The new work shows the President’s Garden as it was before construction began on the Study Centre, and is one of a series of six painted by Alan at the President’s invitation last September. Alan has also very kindly given to the College his original pastel drawings on which the paintings are based.
Since receiving his D.Phil at St John’s in 1982, Halliday has worked as a full-time professional artist, often specialising in paintings of the theatre, for the Royal Ballet, Royal Opera, Royal Shakespeare Company, National Theatre and others. In 2015 the College hosted an exhibition of these paintings called ‘Vive le théâtre!’
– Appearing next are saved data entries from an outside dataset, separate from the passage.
(* Let $R$ be a weakly bleached local ring and let $s=\sum_{i=1}^{\infty}s_ix^i\in R[[x]]$ be central in $R[[x]]$ with $s\in J\big(R[[x]]\big)$. Let $s_0$ denote the constant term of $s$. For $A(x)\in M_2\big(R[[x]];s\big)$ the following are equivalent: (1) $A(x)$ is strongly $J$-clean in $M_2\big(R[[x]];s\big)$; (2) $A(0)$ is strongly $J$-clean in $M_2(R;s_0)$.
   Context: All rings are associative with identity. A ring $R$ is local if $R/J(R)$ is a division ring, where $J(R)$ is the Jacobson radical. A local ring $R$ is weakly bleached if for any $a\in J(R)$ and any $b\in 1+J(R)$ the additive maps $R\to R$, $r\mapsto br-ra$ and $r\mapsto ar-rb$, are both surjective. $R[[x]]$ is the formal power series ring; for a matrix $A(x)$ over $R[[x]]$, $A(0)$ is obtained by taking constant terms of all entries. For a ring $T$ and a central element $s\in T$, $M_2(T;s)$ denotes the ring whose elements are the $2\times 2$ arrays $\left[\begin{smallmatrix} a&b\\ c&d\end{smallmatrix}\right]$ with $a,b,c,d\in T$, with componentwise addition and multiplication $\left[\begin{smallmatrix} a&b\\ c&d\end{smallmatrix}\right]\left[\begin{smallmatrix} a'&b'\\ c'&d'\end{smallmatrix}\right]=\left[\begin{smallmatrix} aa'+s^2bc'&ab'+bd'\\ ca'+dc'&s^2cb'+dd'\end{smallmatrix}\right]$. An element $a$ of a ring $T$ is strongly $J$-clean if there is an idempotent $e\in T$ with $ae=ea$ and $a-e\in J(T)$. *)

theory Defs
  imports "HOL-Computational_Algebra.Formal_Power_Series"
begin

definition jac_gen :: "('m \<Rightarrow> 'm \<Rightarrow> 'm) \<Rightarrow> ('m \<Rightarrow> 'm \<Rightarrow> 'm) \<Rightarrow> 'm \<Rightarrow> 'm set" where
  "jac_gen sub mul one = {a. \<forall>r. \<exists>u. mul u (sub one (mul r a)) = one}"

definition strongly_J_clean_gen ::
  "('m \<Rightarrow> 'm \<Rightarrow> 'm) \<Rightarrow> ('m \<Rightarrow> 'm \<Rightarrow> 'm) \<Rightarrow> 'm \<Rightarrow> 'm \<Rightarrow> bool" where
  "strongly_J_clean_gen sub mul one a \<longleftrightarrow>
     (\<exists>e. mul e e = e \<and> mul a e = mul e a \<and> sub a e \<in> jac_gen sub mul one)"

definition jac :: "'a::ring_1 set" where
  "jac = jac_gen (-) (*) 1"

text \<open>R/J(R) is a division ring: it is nonzero (1 not in J) and every class outside J
  (i.e. every nonzero class) has a two-sided inverse modulo J.\<close>
definition local_ring :: "'a::ring_1 itself \<Rightarrow> bool" where
  "local_ring _ \<longleftrightarrow> (1::'a) \<notin> jac \<and>
     (\<forall>a::'a. a \<notin> jac \<longrightarrow> (\<exists>b. a * b - 1 \<in> jac \<and> b * a - 1 \<in> jac))"

definition weakly_bleached :: "'a::ring_1 itself \<Rightarrow> bool" where
  "weakly_bleached T \<longleftrightarrow> local_ring T \<and>
     (\<forall>a b::'a. a \<in> jac \<longrightarrow> b - 1 \<in> jac \<longrightarrow>
        surj (\<lambda>r. b * r - r * a) \<and> surj (\<lambda>r. a * r - r * b))"

text \<open>An element (a,b,c,d) represents the array [a b; c d].\<close>
type_synonym 'a m2 = "'a \<times> 'a \<times> 'a \<times> 'a"

definition m2_sub :: "'a::ring_1 m2 \<Rightarrow> 'a m2 \<Rightarrow> 'a m2" where
  "m2_sub X Y = (case X of (a,b,c,d) \<Rightarrow> case Y of (a',b',c',d') \<Rightarrow>
      (a - a', b - b', c - c', d - d'))"

definition m2_mul :: "'a::ring_1 \<Rightarrow> 'a m2 \<Rightarrow> 'a m2 \<Rightarrow> 'a m2" where
  "m2_mul s X Y = (case X of (a,b,c,d) \<Rightarrow> case Y of (a',b',c',d') \<Rightarrow>
      (a * a' + s^2 * b * c', a * b' + b * d', c * a' + d * c', s^2 * c * b' + d * d'))"

definition m2_one :: "'a::ring_1 m2" where
  "m2_one = (1, 0, 0, 1)"

definition strongly_J_clean_m2 :: "'a::ring_1 \<Rightarrow> 'a m2 \<Rightarrow> bool" where
  "strongly_J_clean_m2 s A = strongly_J_clean_gen m2_sub (m2_mul s) m2_one A"

definition m2_at0 :: "'a::ring_1 fps m2 \<Rightarrow> 'a m2" where
  "m2_at0 A = (case A of (a,b,c,d) \<Rightarrow> (fps_nth a 0, fps_nth b 0, fps_nth c 0, fps_nth d 0))"

end

theory Submission
  imports Defs
begin

text \<open>Taking constant terms is a surjective homomorphism from M_2(R[[x]]; s) onto M_2(R; 0)
  that maps the radical into the radical, which gives (1) \<Longrightarrow> (2). Conversely, since s_0 = 0,
  a matrix over R[[x]] whose diagonal entries have constant terms in J(R) is in the radical
  (it is left invertible modulo every multiple by row reduction). The diagonal entries of an
  idempotent of M_2(R; 0) are idempotents of the local ring R, hence 0 or 1, so it suffices to
  find an idempotent over R[[x]] commuting with A with prescribed diagonal entries 0 or 1 at
  x = 0. Up to swapping the two indices the only nontrivial case is (1, 0): there A is conjugated
  into diagonal form by solving a Riccati equation and then a Sylvester equation over R[[x]],
  each coefficient by coefficient, using that r \<mapsto> r a - b r is surjective for a \<in> 1 + J(R),
  b \<in> J(R).\<close>

unbundle fps_syntax
lemma X_wage_le_budget: "x \<in> X \<Longrightarrow> cW x \<le> B (cH x)"
  using mkt by (simp add: market_def)

lemma wages_mono:
  assumes "A \<subseteq> C" "C \<subseteq> X"
  shows "wages A \<le> wages C"
proof (rule sum_mono2)
  show "finite C"
    using assms(2) finite_X by (rule finite_subset)
  show "0 \<le> cW z" if "z \<in> C - A" for z
    using that assms(2) X_wage_pos by (blast intro: less_imp_le)
qed (fact assms(1))

lemma tie_key_less:
  assumes "h \<in> H"
  shows "irreflp (key_less (tie h))" "transp (key_less (tie h))"
    "totalp_on (Yh X h) (key_less (tie h))"
  using key_less_strict_total tie_order assms by blast+

definition max_contract :: "'h \<Rightarrow> ('d, 'h) contract set \<Rightarrow> ('d, 'h) contract" where
  "max_contract h S = last (sort_by (key_less (tie h)) S)"

lemma sort_by_tie:
  assumes "h \<in> H" "S \<subseteq> Yh X h"
  shows "set (sort_by (key_less (tie h)) S) = S \<and> sorted_wrt (key_less (tie h)) (sort_by (key_less (tie h)) S)"
proof (rule sort_by_correct)
  show "finite S"
    using finite_subset[OF subset_trans[OF assms(2) Yh_subset] finite_X] .
  show "totalp_on S (key_less (tie h))"
    using totalp_on_subset tie_key_less(3)[OF assms(1)] assms(2) by blast
qed (use tie_key_less[OF assms(1)] in auto)

lemma Chh_subset: "h \<in> H \<Longrightarrow> S \<subseteq> Yh X h \<Longrightarrow> Chh tie B h S \<subseteq> S"
  using greedy_subset sort_by_tie by (metis Chh_def)

lemma max_contract_in_Chh:
  "h \<in> H \<Longrightarrow> S \<subseteq> Yh X h \<Longrightarrow> S \<noteq> {} \<Longrightarrow> max_contract h S \<in> Chh tie B h S"
  using last_in_greedy sort_by_tie unfolding Chh_def max_contract_def by (metis set_empty)

lemma less_max_contract:
  assumes "h \<in> H" "S \<subseteq> Yh X h" "y \<in> S" "y \<noteq> max_contract h S"
  shows "key_less (tie h) y (max_contract h S)"
proof -
  let ?xs = "sort_by (key_less (tie h)) S"
  have "set ?xs = S" "sorted_wrt (key_less (tie h)) ?xs"
    using sort_by_tie[OF assms(1,2)] by auto
  then show ?thesis
    using assms(3,4) unfolding max_contract_def
    by (cases ?xs rule: rev_cases) (auto simp: sorted_wrt_append)
qed

lemma Chh_wages_le:
  assumes "h \<in> H" "S \<subseteq> Yh X h"
  shows "wages (Chh tie B h S) \<le> 3/2 * B h"
proof (cases "S = {}")
  case True
  then show ?thesis
    using Chh_subset[OF assms] budget_pos[OF assms(1)] by simp
next
  case False
  have "max_contract h S \<in> Yh X h"
    using max_contract_in_Chh[OF assms False] Chh_subset[OF assms] assms(2) by blast
  then have "cW (max_contract h S) \<le> B h"
    using X_wage_le_budget[of "max_contract h S"] by (simp add: Yh_iff)
  then have "cW (max_contract h S) < 3/2 * B h"
    using budget_pos[OF assms(1)] by simp
  then show ?thesis
    using greedy_wages_less False sort_by_tie[OF assms] unfolding Chh_def max_contract_def
    by (metis less_imp_le set_empty)
qed

lemma Chh_rejected:
  assumes "h \<in> H" "S \<subseteq> Yh X h" "y \<in> S - Chh tie B h S"
  shows "3/2 * B h \<le> cW y + cW (max_contract h S) + wages {z \<in> Chh tie B h S. key_less (tie h) z y}"
  using greedy_rejected[OF tie_key_less(1,2)[OF assms(1)]] sort_by_tie[OF assms(1,2)] assms(3)
  unfolding Chh_def max_contract_def by blast

lemma Chh_Yh_subset: "Y \<subseteq> X \<Longrightarrow> h \<in> H \<Longrightarrow> Chh tie B h (Yh Y h) \<subseteq> Yh Y h"
  by (simp add: Chh_subset Yh_mono)

lemma Yh_ChH:
  assumes "Y \<subseteq> X" "h \<in> H"
  shows "Yh (ChH H tie B Y) h = Chh tie B h (Yh Y h)"
  using Chh_Yh_subset[OF assms(1)] assms(2) unfolding ChH_def Yh_def by blast

lemma ChH_subset: "Y \<subseteq> X \<Longrightarrow> ChH H tie B Y \<subseteq> Y"
  unfolding ChH_def using Chh_Yh_subset subset_trans[OF _ Yh_subset] by (meson UN_least)

section \<open>Outbid contracts\<close>

definition outbid :: "'h \<Rightarrow> ('d, 'h) contract set \<Rightarrow> ('d, 'h) contract \<Rightarrow> bool" where
  "outbid h G x \<longleftrightarrow> (\<exists>M\<in>G. key_less (tie h) x M \<and>
     3/2 * B h \<le> cW x + cW M + wages {z \<in> G. key_less (tie h) z x})"

lemma Chh_rejected_outbid:
  assumes "h \<in> H" "S \<subseteq> Yh X h" "x \<in> S - Chh tie B h S"
  shows "outbid h (Chh tie B h S) x"
proof -
  have "max_contract h S \<in> Chh tie B h S"
    using max_contract_in_Chh assms by blast
  moreover have "key_less (tie h) x (max_contract h S)"
    using calculation assms(3) by (intro less_max_contract[OF assms(1,2)]) auto
  ultimately show ?thesis
    using Chh_rejected[OF assms] unfolding outbid_def by blast
qed

text \<open>The invariant survives a round of the mechanism because the new proposals contain
  the contracts held so far, and the largest proposal only grows.\<close>
lemma outbid_Chh:
  assumes h: "h \<in> H" and GS: "G \<subseteq> S" and S: "S \<subseteq> Yh X h" and x: "outbid h G x"
  shows "outbid h (Chh tie B h S) x"
proof -
  let ?lt = "key_less (tie h)" and ?C = "Chh tie B h S" and ?M' = "max_contract h S"
  obtain M where M: "M \<in> G" "?lt x M" "3/2 * B h \<le> cW x + cW M + wages {z \<in> G. ?lt z x}"
    using x unfolding outbid_def by blast
  have "S \<noteq> {}"
    using M(1) GS by blast
  then have M': "?M' \<in> ?C"
    using max_contract_in_Chh h S by blast
  have "M = ?M' \<or> ?lt M ?M'"
    using less_max_contract h S M(1) GS by blast
  then have xM': "?lt x ?M'" and wM: "cW M \<le> cW ?M'"
    using M(2) transpD[OF tie_key_less(2)[OF h] M(2)] key_less_wage_le[of "tie h" M ?M']
    by (cases "M = ?M'"; simp)+
  have below_X: "{z \<in> ?C. ?lt z x} \<subseteq> X"
    using Chh_subset[OF h S] S Yh_subset[of X h] by blast
  have "3/2 * B h \<le> cW x + cW ?M' + wages {z \<in> ?C. ?lt z x}"
  proof (cases "\<exists>y\<in>S - ?C. ?lt y x")
    case True
    then obtain y where y: "y \<in> S - ?C" "?lt y x"
      by blast
    have "{z \<in> ?C. ?lt z y} \<subseteq> {z \<in> ?C. ?lt z x}"
      using transpD[OF tie_key_less(2)[OF h] _ y(2)] by auto
    from wages_mono[OF this below_X] show ?thesis
      using Chh_rejected[OF h S y(1)] key_less_wage_le[OF y(2)] by linarith
  next
    case False
    then have "{z \<in> G. ?lt z x} \<subseteq> {z \<in> ?C. ?lt z x}"
      using GS by auto
    from wages_mono[OF this below_X] show ?thesis
      using M(3) wM by linarith
  qed
  then show ?thesis
    using M' xM' unfolding outbid_def by blast
qed

lemma outbid_heavy:
  assumes h: "h \<in> H" and G: "G \<subseteq> Yh X h" "wages G < B h" and x: "outbid h G x"
  shows "\<exists>M\<in>G. B h / 2 < cW x \<and> cW x \<le> cW M"
proof -
  let ?lt = "key_less (tie h)"
  obtain M where M: "M \<in> G" "?lt x M" "3/2 * B h \<le> cW x + cW M + wages {z \<in> G. ?lt z x}"
    using x unfolding outbid_def by blast
  have GX: "G \<subseteq> X"
    using G(1) Yh_subset[of X h] by blast
  have "\<not> ?lt M x"
    using transpD[OF tie_key_less(2)[OF h] M(2)] irreflpD[OF tie_key_less(1)[OF h]] by blast
  moreover have "finite G"
    using finite_subset[OF GX finite_X] .
  ultimately have "cW M + wages {z \<in> G. ?lt z x} = wages (insert M {z \<in> G. ?lt z x})"
    by simp
  also have "\<dots> \<le> wages G"
  proof (rule wages_mono)
    show "insert M {z \<in> G. ?lt z x} \<subseteq> G"
      using M(1) by blast
  qed (fact GX)
  finally have "B h / 2 < cW x"
    using M(3) G(2) by linarith
  then show ?thesis
    using M(1) key_less_wage_le[OF M(2)] by blast
qed
lemma bigten_in_Ob:
  assumes "permutative C" and "X \<in> Phi_obs C"
  shows "bigten C X \<in> Ob C"
proof -
  obtain n where "\<forall>i\<ge>n. X i = Unit C"
    using assms(2) by (rule Phi_obs_eventually_Unit)
  moreover have "\<forall>i. X i \<in> Ob C"
    using assms(2) by (simp add: Phi_obs_def)
  ultimately show ?thesis
    unfolding bigten_eq_ten_upto[OF assms(1) \<open>\<forall>i\<ge>n. X i = Unit C\<close>] ten_upto_def
    by (intro foldr_Ten_in_Ob[OF assms(1)]) (auto simp: assms(1))
qed

definition single_seq :: "('o, 'm, 'x) pcat_scheme \<Rightarrow> 'o \<Rightarrow> nat \<Rightarrow> 'o" where
  "single_seq C A = (\<lambda>i. if i = 0 then A else Unit C)"

lemma single_seq_in_Phi_obs:
  assumes "permutative C" and "A \<in> Ob C"
  shows "single_seq C A \<in> Phi_obs C"
proof -
  have "{i. single_seq C A i \<noteq> Unit C} \<subseteq> {0}"
    unfolding single_seq_def by auto
  then show ?thesis
    using assms unfolding Phi_obs_def by (auto simp: single_seq_def intro: finite_subset)
qed

lemma bigten_single_seq:
  assumes "permutative C" and "A \<in> Ob C"
  shows "bigten C (single_seq C A) = A"
proof -
  have "\<forall>i\<ge>1. single_seq C A i = Unit C"
    unfolding single_seq_def by simp
  then have "bigten C (single_seq C A) = ten_upto C (single_seq C A) 1"
    by (rule bigten_eq_ten_upto[OF assms(1)])
  then show ?thesis
    using assms by (simp add: ten_upto_def single_seq_def)
qed

section \<open>The category \<open>\<Phi>(C)\<close> and the functor \<open>\<Phi>(F)\<close>\<close>

lemma Ob_Phi [simp]: "Ob (Phi C) = Phi_obs C"
  by (simp add: Phi_def)

lemma mem_Ar_Phi [simp]:
  "(X, Y, f) \<in> Ar (Phi C) \<longleftrightarrow> X \<in> Phi_obs C \<and> Y \<in> Phi_obs C \<and> f \<in> hom C (bigten C X) (bigten C Y)"
  by (simp add: Phi_def)

lemma Dom_Phi [simp]: "Dom (Phi C) (X, Y, f) = X"
  and Cod_Phi [simp]: "Cod (Phi C) (X, Y, f) = Y"
  and Idn_Phi [simp]: "Idn (Phi C) X = (X, X, Idn C (bigten C X))"
  and Comp_Phi [simp]: "Comp (Phi C) (Y', Z, g) (X, Y, f) = (X, Z, Comp C g f)"
  by (simp_all add: Phi_def)

lemma Ar_PhiE:
  assumes "p \<in> Ar (Phi C)"
  obtains X Y f where "p = (X, Y, f)" and "X \<in> Phi_obs C" and "Y \<in> Phi_obs C"
    and "f \<in> Ar C" and "Dom C f = bigten C X" and "Cod C f = bigten C Y"
  using assms by (auto simp: Phi_def hom_def)

lemma category_Phi:
  assumes "permutative C"
  shows "category (Phi C)"
  using permutative_category[OF assms] bigten_in_Ob[OF assms]
  unfolding category_def Phi_def hom_def by auto

lemma iso_Phi_iff:
  assumes "permutative C" and "(X, Y, f) \<in> Ar (Phi C)"
  shows "iso (Phi C) (X, Y, f) \<longleftrightarrow> iso C f"
proof
  assume "iso (Phi C) (X, Y, f)"
  then obtain g where "(Y, X, g) \<in> Ar (Phi C)"
    and "Comp C g f = Idn C (bigten C X)" and "Comp C f g = Idn C (bigten C Y)"
    unfolding iso_def hom_def by auto
  then show "iso C f"
    using assms(2) unfolding iso_def by (intro conjI bexI[of _ g]) (auto simp: hom_def)
next
  assume "iso C f"
  then have "(Y, X, inv_ar C f) \<in> hom (Phi C) Y X"
    using assms(2) by (simp add: hom_def)
  then show "iso (Phi C) (X, Y, f)"
    using \<open>iso C f\<close> assms(2) unfolding iso_def by (auto simp: hom_def)
qed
Alan Halliday is internationally acclaimed for his colourful, dynamic work. Writing in The Times, art critic John Russell Taylor said, ‘Halliday paints what obsesses him. His style is boldly calligraphic. Even his large-scale oil paintings depend on the definition of effective line, while his smaller works in ink, gouache, and pastel are built on a structure of amazingly fluid, spontaneous strokes of the pen; but they are in fact more than that. While the line may define the form, it is the colour which gives it form and life.’ His first mentor, John Piper, summed up Halliday’s style as ‘an arrangement of painted marks, all on the surface and yet all in depth.’
Halliday’s paintings are held in many public collections such as the Victoria & Albert Museum, Theatre Museum and Museum of London, as well as in several Oxford colleges.